设置OMP_NUM_THREADS=1关闭了OpenMP的多线程,使得python单进程仅跑单线程。
OpenMP does multi-threading within a process, and the default number of threads is typically the number that the CPU can actually run simultaneously. (This is generally the number of CPU cores, or a multiple of that number if the CPU has an SMT feature such as Intel’s Hyper-Threading.) So if you have, for example, a quad-core non-hyperthreaded CPU, OpenMP will want to run 4 threads by default.
When you use Python’s multiprocessing module, your program starts multiple Python processes which can run simultaneously. You can control the number of processes, but often you’ll want it to be the number of CPU cores/threads, e.g. returned by multiprocessing.cpu_count().
So, what happens on that quad-core CPU if you run a multiprocessing program that runs 4 Python processes, and each calls an OpenMP function runs 4 threads? You end up running 16 threads on 4 cores.
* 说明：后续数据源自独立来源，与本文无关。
(* Let $f:\{0,1\}^n\to\{0,1\}$ be symmetric and suppose there is $a\in\{0,1\}^n$ with $1\le|a|\le n-1$ such that $f(x)=f(x+a)$ for all $x\in\{0,1\}^n$. If $|a|$ is odd, then $f$ is constant. If $|a|$ is even, then $f$ is constant, PARITY, or the negation of PARITY.
   Context: $f$ is symmetric if $f(x)$ depends only on the Hamming weight $|x|$. Addition of bit strings is bitwise mod 2. $\mathrm{PARITY}(x)=1$ iff $|x|$ is odd. *)

theory Defs
  imports Main
begin

text \<open>Bit strings in {0,1}^n are boolean lists of length n (True = 1);
  Boolean functions take values in bool (True = 1).\<close>

definition cube :: "nat \<Rightarrow> bool list set" where
  "cube n = {x. length x = n}"

definition hweight :: "bool list \<Rightarrow> nat" where
  "hweight x = length (filter id x)"

definition xadd :: "bool list \<Rightarrow> bool list \<Rightarrow> bool list" where
  "xadd x y = map2 (\<lambda>a b. a \<noteq> b) x y"

definition PARITY :: "bool list \<Rightarrow> bool" where
  "PARITY x = odd (hweight x)"

definition symmetric_on :: "nat \<Rightarrow> (bool list \<Rightarrow> bool) \<Rightarrow> bool" where
  "symmetric_on n f = (\<forall>x\<in>cube n. \<forall>y\<in>cube n. hweight x = hweight y \<longrightarrow> f x = f y)"

definition constant_on_cube :: "nat \<Rightarrow> (bool list \<Rightarrow> bool) \<Rightarrow> bool" where
  "constant_on_cube n f = (\<exists>c. \<forall>x\<in>cube n. f x = c)"

end

theory Submission
  imports Defs
begin

(* A symmetric f on {0,1}^n is determined by its weight profile
   g(k) = f(1^k 0^(n-k)).  If a has weight w and x agrees with a on exactly i of
   the w one-positions of a and has q ones among the n - w zero-positions of a,
   then |x| = i + q and |x + a| = (w - i) + q.  Invariance of f under translation
   by a therefore gives the reflection identities g(i + q) = g(w - i + q) for all
   i <= w, q <= n - w.  Comparing (i, q) with (i + 1, q - 1) shows g(m) = g(m + 2)
   whenever 1 <= w <= n - 1, so g only depends on the parity of the weight.  The
   instance i = q = 0 gives g(0) = g(w); for odd w this forces g(0) = g(1), i.e.
   f is constant, while for even w a function depending only on parity is
   constant, PARITY, or its negation. *)

lemma hweight_le_length: "hweight x \<le> length x"
  by (simp add: hweight_def)

definition weight_profile :: "nat \<Rightarrow> (bool list \<Rightarrow> bool) \<Rightarrow> nat \<Rightarrow> bool" where
  "weight_profile n f k = f (replicate k True @ replicate (n - k) False)"

lemma symmetric_on_weight_profile:
  assumes "symmetric_on n f" and "x \<in> cube n"
  shows "f x = weight_profile n f (hweight x)"
proof -
  define c where "c = replicate (hweight x) True @ replicate (n - hweight x) False"
  have "hweight x \<le> n" using assms(2) hweight_le_length[of x] by (simp add: cube_def)
  then have "c \<in> cube n" and "hweight c = hweight x"
    by (simp_all add: c_def cube_def hweight_def)
  then show ?thesis
    using assms unfolding symmetric_on_def weight_profile_def c_def by blast
qed

fun mixed_string :: "nat \<Rightarrow> nat \<Rightarrow> bool list \<Rightarrow> bool list" where
  "mixed_string i q [] = []"
| "mixed_string i q (True # a) = (i > 0) # mixed_string (i - 1) q a"
| "mixed_string i q (False # a) = (q > 0) # mixed_string i (q - 1) a"

lemma length_mixed_string: "length (mixed_string i q a) = length a"
  by (induction i q a rule: mixed_string.induct) auto

lemma hweight_mixed_string:
  "i \<le> hweight a \<Longrightarrow> q \<le> length a - hweight a \<Longrightarrow>
   hweight (mixed_string i q a) = i + q"
proof (induction i q a rule: mixed_string.induct)
  case (2 i q a)
  then show ?case using hweight_le_length[of a] by (cases i) (auto simp: hweight_def)
next
  case (3 i q a)
  then show ?case using hweight_le_length[of a] by (cases q) (auto simp: hweight_def)
qed (simp add: hweight_def)

text \<open>Adding a flips the i chosen one-positions off and the remaining w - i on.\<close>

lemma hweight_xadd_mixed_string:
  "i \<le> hweight a \<Longrightarrow> q \<le> length a - hweight a \<Longrightarrow>
   hweight (xadd (mixed_string i q a) a) = (hweight a - i) + q"
proof (induction i q a rule: mixed_string.induct)
  case (2 i q a)
  then show ?case using hweight_le_length[of a] by (cases i) (auto simp: hweight_def xadd_def)
next
  case (3 i q a)
  then show ?case using hweight_le_length[of a] by (cases q) (auto simp: hweight_def xadd_def)
qed (simp add: hweight_def xadd_def)

lemma weight_profile_reflection:
  assumes sym: "symmetric_on n f" and a: "a \<in> cube n"
    and inv: "\<forall>x\<in>cube n. f x = f (xadd x a)"
    and i: "i \<le> hweight a" and q: "q \<le> n - hweight a"
  shows "weight_profile n f (i + q) = weight_profile n f (hweight a - i + q)"
proof -
  define x where "x = mixed_string i q a"
  have len: "length a = n" using a by (simp add: cube_def)
  have x: "x \<in> cube n" and xa: "xadd x a \<in> cube n"
    using len by (simp_all add: x_def cube_def xadd_def length_mixed_string)
  have "hweight x = i + q" and "hweight (xadd x a) = hweight a - i + q"
    using i q len by (simp_all add: x_def hweight_mixed_string hweight_xadd_mixed_string)
  then show ?thesis
    using inv x xa symmetric_on_weight_profile[OF sym x]
      symmetric_on_weight_profile[OF sym xa] by simp
qed

text \<open>Reflections about a centre w strictly inside (0, n) generate shifts by two:
  the pairs (i, q) and (i + 1, q - 1) have the same sum but reflected images
  differing by two.\<close>

lemma shift_two_from_reflections:
  fixes g :: "nat \<Rightarrow> 'b"
  assumes w: "1 \<le> w" "w < n"
    and refl: "\<And>i q. i \<le> w \<Longrightarrow> q \<le> n - w \<Longrightarrow> g (i + q) = g (w - i + q)"
    and m: "m + 2 \<le> n"
  shows "g m = g (m + 2)"
proof -
  define q where "q = max 1 (m + 2 - w)"
  define i where "i = w + q - (m + 2)"
  have q_bounds: "1 \<le> q" "q \<le> n - w" "q \<le> m + 1" "m + 2 \<le> w + q"
    using w m by (auto simp: q_def)
  have "g (i + q) = g (m + 2)"
    using refl[of i q] q_bounds by (simp add: i_def)
  moreover have "g (i + 1 + (q - 1)) = g m"
    using refl[of "i + 1" "q - 1"] q_bounds by (simp add: i_def)
  moreover have "i + 1 + (q - 1) = i + q" using q_bounds by simp
  ultimately show ?thesis by simp
qed

lemma mod_two_from_shift_two:
  fixes g :: "nat \<Rightarrow> 'b"
  assumes shift: "\<And>m. m + 2 \<le> n \<Longrightarrow> g m = g (m + 2)"
  shows "m \<le> n \<Longrightarrow> g m = g (m mod 2)"
proof (induction m rule: less_induct)
  case (less m)
  show ?case
  proof (cases "m < 2")
    case False
    then have "m - 2 + 2 = m" by simp
    then have "g m = g (m - 2)" using shift[of "m - 2"] less.prems by metis
    also have "\<dots> = g ((m - 2) mod 2)" using False less.prems by (intro less.IH) auto
    also have "(m - 2) mod 2 = m mod 2" using \<open>m - 2 + 2 = m\<close> by (metis mod_add_self2)
    finally show ?thesis .
  qed simp
qed

lemma symmetric_on_parity_profile:
  assumes sym: "symmetric_on n f"
    and parity_only: "\<And>m. m \<le> n \<Longrightarrow> weight_profile n f m = weight_profile n f (m mod 2)"
  shows "\<forall>x\<in>cube n. f x = (if PARITY x then weight_profile n f 1 else weight_profile n f 0)"
proof
  fix x assume x: "x \<in> cube n"
  then have "hweight x \<le> n" using hweight_le_length[of x] by (simp add: cube_def)
  then have "f x = weight_profile n f (hweight x mod 2)"
    using symmetric_on_weight_profile[OF sym x] parity_only[of "hweight x"] by simp
  then show "f x = (if PARITY x then weight_profile n f 1 else weight_profile n f 0)"
    by (simp add: PARITY_def odd_iff_mod_2_eq_one even_iff_mod_2_eq_zero)
qed

lemma parity_determined_cases:
  assumes "\<forall>x\<in>cube n. f x = (if PARITY x then c1 else c0)"
  shows "constant_on_cube n f \<or> (\<forall>x\<in>cube n. f x = PARITY x)
           \<or> (\<forall>x\<in>cube n. f x = (\<not> PARITY x))"
proof (cases "c0 = c1")
  case True
  then show ?thesis using assms unfolding constant_on_cube_def by auto
next
  case False
  then show ?thesis using assms by (cases c1) auto
qed

theorem lemma7p8:
  fixes n :: nat and f :: "bool list \<Rightarrow> bool" and a :: "bool list"
  assumes sym: "symmetric_on n f"
    and a_cube: "a \<in> cube n"
    and a_low: "1 \<le> hweight a" and a_high: "hweight a \<le> n - 1"
    and inv: "\<forall>x\<in>cube n. f x = f (xadd x a)"
  shows "(odd (hweight a) \<longrightarrow> constant_on_cube n f) \<and>
         (even (hweight a) \<longrightarrow>
            constant_on_cube n f \<or> (\<forall>x\<in>cube n. f x = PARITY x)
            \<or> (\<forall>x\<in>cube n. f x = (\<not> PARITY x)))"
proof -
  define g where "g = weight_profile n f"
  define w where "w = hweight a"
  have refl: "\<And>i q. i \<le> w \<Longrightarrow> q \<le> n - w \<Longrightarrow> g (i + q) = g (w - i + q)"
    using weight_profile_reflection[OF sym a_cube inv] by (simp add: g_def w_def)
  have w: "1 \<le> w" "w < n" using a_low a_high by (auto simp: w_def)
  have parity_only: "\<And>m. m \<le> n \<Longrightarrow> g m = g (m mod 2)"
    by (rule mod_two_from_shift_two[of n g]) (rule shift_two_from_reflections[OF w refl])
  have by_parity: "\<forall>x\<in>cube n. f x = (if PARITY x then g 1 else g 0)"
    unfolding g_def by (rule symmetric_on_parity_profile[OF sym parity_only[unfolded g_def]])
  have "g 0 = g w" using refl[of 0 0] by simp
  then have "odd w \<Longrightarrow> g 0 = g 1"
    using parity_only[of w] w by (simp add: odd_iff_mod_2_eq_one)
  then have "odd w \<Longrightarrow> constant_on_cube n f"
    using by_parity unfolding constant_on_cube_def by auto
  then show ?thesis using parity_determined_cases[OF by_parity] by (simp add: w_def)
qed

end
That’ll work, but not at peak efficiency, since each core will have to spend some time switching between tasks.
Setting OMP_NUM_THREADS=1 basically turns off the OpenMP multi-threading, so each of your Python processes remains single-threaded.
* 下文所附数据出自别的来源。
(* Let $a=(a_i)_{i\in\mathbb Z}$ be a sequence of pairwise distinct complex numbers. Let $f\in\Lambda$ have degree $\le n$ and write $f=\sum_{\lambda:\,|\lambda|\le n}c(\lambda)s_{\lambda;a}$. Then the coefficients are determined recursively in $|\lambda|$ by $c(\varnothing)=f(0;0)$ and $$c(\lambda)=\frac{f(x(\lambda);y(\lambda))-\sum_{\mu\subset\lambda,\ \mu\ne\lambda}c(\mu)\,s_{\mu;a}(x(\lambda);y(\lambda))}{s_{\lambda;a}(x(\lambda);y(\lambda))}.$$
   Context: $\Lambda$ is the algebra of symmetric functions over $\mathbb C$ (graded by degree) with complete homogeneous $h_k$, elementary $e_k$, power sums $\mathbf p_k$. For a sequence $a$ define $h_{k;a}=\sum_{i=1}^k(-1)^{k-i}e_{k-i}(a_1,\dots,a_{k-1})h_i$ ($k\ge1$), $h_{0;a}=1$, $h_{k;a}=0$ ($k<0$); $(\tau^ra)_i=a_{i+r}$; $s_{\mu;a}=\det[h_{\mu_i-i+j;\,\tau^{1-j}a}]_{i,j=1}^N$ for any $N\ge\ell(\mu)$; $s_{\mu;a}$ equals the Schur function $s_\mu$ plus lower-degree terms, and these functions form a basis of $\Lambda$. Dual sequence: $\widehat a_i=-a_{1-i}$. Each $f\in\Lambda$ is evaluated at $(x;y)\in\mathbb C^d\times\mathbb C^d$ via $\mathbf p_k\mapsto\sum_ix_i^k+(-1)^{k-1}\sum_jy_j^k$. For a nonempty diagram $\lambda=(p_1,\dots,p_d\mid q_1,\dots,q_d)$ in Frobenius notation ($p_i=\lambda_i-i$, $q_i=\lambda'_i-i$, $d$ the number of diagonal boxes), $(x(\lambda);y(\lambda))=(a_{p_1+1},\dots,a_{p_d+1};\widehat a_{q_1+1},\dots,\widehat a_{q_d+1})$; and $(x(\varnothing);y(\varnothing))=(0;0)$. *)

theory Defs
  imports "HOL-Library.Poly_Mapping" "Jordan_Normal_Form.Determinant"
begin

text \<open>The algebra Lambda of symmetric functions over the complex numbers, modelled as the
free polynomial algebra in the power sums p_1, p_2, ... (over a field of characteristic 0
these are algebraically independent generators). A monomial is a finitely supported
exponent vector; variable index i stands for p_(i+1).\<close>

type_synonym symfun = "(nat \<Rightarrow>\<^sub>0 nat) \<Rightarrow>\<^sub>0 complex"

definition pvar :: "nat \<Rightarrow> symfun" where
  "pvar k = Poly_Mapping.single (Poly_Mapping.single (k - 1) 1) 1"

definition constL :: "complex \<Rightarrow> symfun" where
  "constL c = Poly_Mapping.single 0 c"

definition wdeg :: "(nat \<Rightarrow>\<^sub>0 nat) \<Rightarrow> nat" where
  "wdeg m = (\<Sum>i\<in>Poly_Mapping.keys m. (i + 1) * Poly_Mapping.lookup m i)"

text \<open>Complete homogeneous symmetric functions via Newton's identity
  k h_k = sum_(i=1..k) p_i h_(k-i), h_0 = 1.\<close>
fun hlist :: "nat \<Rightarrow> symfun list" where
  "hlist 0 = [1]"
| "hlist (Suc k) = hlist k @
     [constL (1 / of_nat (Suc k)) * (\<Sum>i=1..Suc k. pvar i * (hlist k ! (Suc k - i)))]"

definition hcomp :: "nat \<Rightarrow> symfun" where
  "hcomp k = hlist k ! k"

definition esym :: "nat \<Rightarrow> complex list \<Rightarrow> complex" where
  "esym j xs = (\<Sum>S\<in>{S. S \<subseteq> {..<length xs} \<and> card S = j}. \<Prod>i\<in>S. xs ! i)"

definition shiftseq :: "int \<Rightarrow> (int \<Rightarrow> complex) \<Rightarrow> int \<Rightarrow> complex" where
  "shiftseq r a = (\<lambda>i. a (i + r))"

definition hshift :: "int \<Rightarrow> (int \<Rightarrow> complex) \<Rightarrow> symfun" where
  "hshift k a = (if k < 0 then 0 else if k = 0 then 1 else
     (\<Sum>i=1..nat k. constL ((-1) ^ (nat k - i) *
         esym (nat k - i) (map (\<lambda>m. a (int m)) [1..<nat k])) * hcomp i))"

definition is_partition :: "nat list \<Rightarrow> bool" where
  "is_partition l \<longleftrightarrow> sorted_wrt (\<ge>) l \<and> (\<forall>x\<in>set l. 0 < x)"

definition subdiag :: "nat list \<Rightarrow> nat list \<Rightarrow> bool" where
  "subdiag mu l \<longleftrightarrow> length mu \<le> length l \<and> (\<forall>i<length mu. mu ! i \<le> l ! i)"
Make sure you’re starting enough Python processes if you do this, though! If you have 4 CPU cores and you only run 2 single-threaded Python processes, you’ll have 2 cores utilized and the other 2 sitting idle. (In this case you might want to set OMP_NUM_THREADS=2.)
跑一个开多进程,同时包含numpy操作的程序,其中numpy矩阵计算会用到多线程加速。
对比了下限制还是放开OMP线程数,可以发现不限制OMP的话CPU占用非常高,导致最后运行时间相比限制OMP慢多了,因此有些场景还是限制一下OMP线程数反而提速很多。CPU占比过高并一定快!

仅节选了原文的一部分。